The UK government is losing control over its websites and does not provide online services that the public actually needs, a report warned today.
Technology consultancy Detica was responding to a report by the Public Accounts Committee (PAC) which criticised the quality and accessibility of government websites.
Detica believes that the government's failure to listen to the public and plan its web presence properly is leading to a chronic waste of taxpayers' money.
The PAC report revealed that the government still does not know how many websites it has, and is unaware of their running costs or what savings have been made by moving services to the web.
It also showed that 16 per cent of government departments do not know how their sites are being used.
"Government departments have rushed into gaining a presence on the web without considering the purpose of their sites," said Andrew Rolf, head of creative services in Detica's government business unit.
"The situation is not helped by the fact that 12-month funding cycles do nothing to support strategic development programmes or promote consistency between different sites."
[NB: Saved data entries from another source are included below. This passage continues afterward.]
lemma zero_closed: "zero A \<in> S"
  and one_closed: "one A \<in> S"
  and mult_closed: "x \<in> S \<Longrightarrow> y \<in> S \<Longrightarrow> mult A x y \<in> S"
  and imp_closed: "x \<in> S \<Longrightarrow> y \<in> S \<Longrightarrow> imp A x y \<in> S"
  and meet_closed: "x \<in> S \<Longrightarrow> y \<in> S \<Longrightarrow> meet A x y \<in> S"
  using bl_algebra unfolding bl_algebra_def by meson+

lemma meet_assoc: "x \<in> S \<Longrightarrow> y \<in> S \<Longrightarrow> z \<in> S \<Longrightarrow> meet A x (meet A y z) = meet A (meet A x y) z"
  and meet_comm: "x \<in> S \<Longrightarrow> y \<in> S \<Longrightarrow> meet A x y = meet A y x"
  and join_comm: "x \<in> S \<Longrightarrow> y \<in> S \<Longrightarrow> join A x y = join A y x"
  and meet_join_absorb: "x \<in> S \<Longrightarrow> y \<in> S \<Longrightarrow> meet A x (join A x y) = x"
  and join_meet_absorb: "x \<in> S \<Longrightarrow> y \<in> S \<Longrightarrow> join A x (meet A x y) = x"
  and zero_least: "x \<in> S \<Longrightarrow> zero A \<sqsubseteq> x"
  and one_greatest: "x \<in> S \<Longrightarrow> x \<sqsubseteq> one A"
  and bl_mult_assoc: "x \<in> S \<Longrightarrow> y \<in> S \<Longrightarrow> z \<in> S \<Longrightarrow> mult A x (mult A y z) = mult A (mult A x y) z"
  and bl_mult_comm: "x \<in> S \<Longrightarrow> y \<in> S \<Longrightarrow> mult A x y = mult A y x"
  and bl_mult_one: "x \<in> S \<Longrightarrow> mult A x (one A) = x"
  and residuation: "x \<in> S \<Longrightarrow> y \<in> S \<Longrightarrow> z \<in> S \<Longrightarrow> mult A x y \<sqsubseteq> z \<longleftrightarrow> x \<sqsubseteq> imp A y z"
  and divisibility: "x \<in> S \<Longrightarrow> y \<in> S \<Longrightarrow> meet A x y = mult A x (imp A x y)"
  and prelinearity: "x \<in> S \<Longrightarrow> y \<in> S \<Longrightarrow> join A (imp A x y) (imp A y x) = one A"
  using bl_algebra unfolding bl_algebra_def by meson+

lemma bl_le_refl: "x \<in> S \<Longrightarrow> x \<sqsubseteq> x"
  using meet_join_absorb[of x "meet A x x"] join_meet_absorb[of x x] meet_closed
  by (simp add: bl_le_def)

lemma bl_le_antisym: "x \<in> S \<Longrightarrow> y \<in> S \<Longrightarrow> x \<sqsubseteq> y \<Longrightarrow> y \<sqsubseteq> x \<Longrightarrow> x = y"
  unfolding bl_le_def using meet_comm by metis

lemma bl_le_trans: "x \<in> S \<Longrightarrow> y \<in> S \<Longrightarrow> z \<in> S \<Longrightarrow> x \<sqsubseteq> y \<Longrightarrow> y \<sqsubseteq> z \<Longrightarrow> x \<sqsubseteq> z"
  unfolding bl_le_def using meet_assoc by metis

lemma join_if_le: "x \<in> S \<Longrightarrow> y \<in> S \<Longrightarrow> x \<sqsubseteq> y \<Longrightarrow> join A x y = y"
  using join_meet_absorb meet_comm join_comm unfolding bl_le_def by metis

lemma bl_mult_mono: "x \<in> S \<Longrightarrow> y \<in> S \<Longrightarrow> z \<in> S \<Longrightarrow> x \<sqsubseteq> y \<Longrightarrow> mult A x z \<sqsubseteq> mult A y z"
  using residuation[of y z "mult A y z"] residuation[of x z "mult A y z"]
    bl_le_refl bl_le_trans[of x y "imp A z (mult A y z)"] mult_closed imp_closed by metis

lemma bl_mult_le_left: "x \<in> S \<Longrightarrow> y \<in> S \<Longrightarrow> mult A x y \<sqsubseteq> x"
  using bl_mult_mono[of y "one A" x] one_greatest one_closed bl_mult_one bl_mult_comm by metis

lemma bl_le_imp: "y \<in> S \<Longrightarrow> z \<in> S \<Longrightarrow> z \<sqsubseteq> imp A y z"
  using bl_mult_le_left residuation by blast

lemma imp_eq_one: "x \<in> S \<Longrightarrow> y \<in> S \<Longrightarrow> x \<sqsubseteq> y \<Longrightarrow> imp A x y = one A"
  using residuation[of "one A" x y] bl_mult_one bl_mult_comm one_closed one_greatest bl_le_antisym imp_closed
  by metis

lemma zero_idempotent: "bl_idempotent A (zero A)"
  using bl_le_antisym bl_mult_le_left zero_least zero_closed mult_closed
  unfolding bl_idempotent_def by metis

lemma one_idempotent: "bl_idempotent A (one A)"
  using bl_mult_one one_closed unfolding bl_idempotent_def by blast

end

locale BL_chain = BL_algebra +
  assumes bl_le_total: "x \<in> S \<Longrightarrow> y \<in> S \<Longrightarrow> x \<sqsubseteq> y \<or> y \<sqsubseteq> x"
begin

lemma meet_eq: "x \<in> S \<Longrightarrow> y \<in> S \<Longrightarrow> meet A x y = (if x \<sqsubseteq> y then x else y)"
  using bl_le_total meet_comm unfolding bl_le_def by metis

lemma join_eq: "x \<in> S \<Longrightarrow> y \<in> S \<Longrightarrow> join A x y = (if x \<sqsubseteq> y then y else x)"
  using join_if_le join_meet_absorb meet_eq by metis

lemma mult_imp_eq: "x \<in> S \<Longrightarrow> y \<in> S \<Longrightarrow> \<not> x \<sqsubseteq> y \<Longrightarrow> mult A x (imp A x y) = y"
  using divisibility meet_eq by metis

end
Rolf believes that government departments have been too focused on telling their website audiences what to do, rather than listening to them and reacting to feedback.
"It is hardly surprising that the resulting sites neither meet the needs of the public nor improve the operational efficiency of the departments in question," he said.
"Some really basic customer service tricks are being missed. For example, website owners could ask the IT helpdesk what the most frequent requests are and place answers to those questions on the home page."
Detica reckons that in order to overcome these problems government departments need to assign clear ownership of a site to promote accountability and be clear about the purpose of the site.
Furthermore, departments need to identify the target audience, measure and evaluate the benefits of the website and ensure that somebody is responsible for maintaining the site once it is live.
"Lack of governance is the biggest single risk to government websites. Without this, any website project will quickly find all the same problems being made six months after launch," concluded Rolf.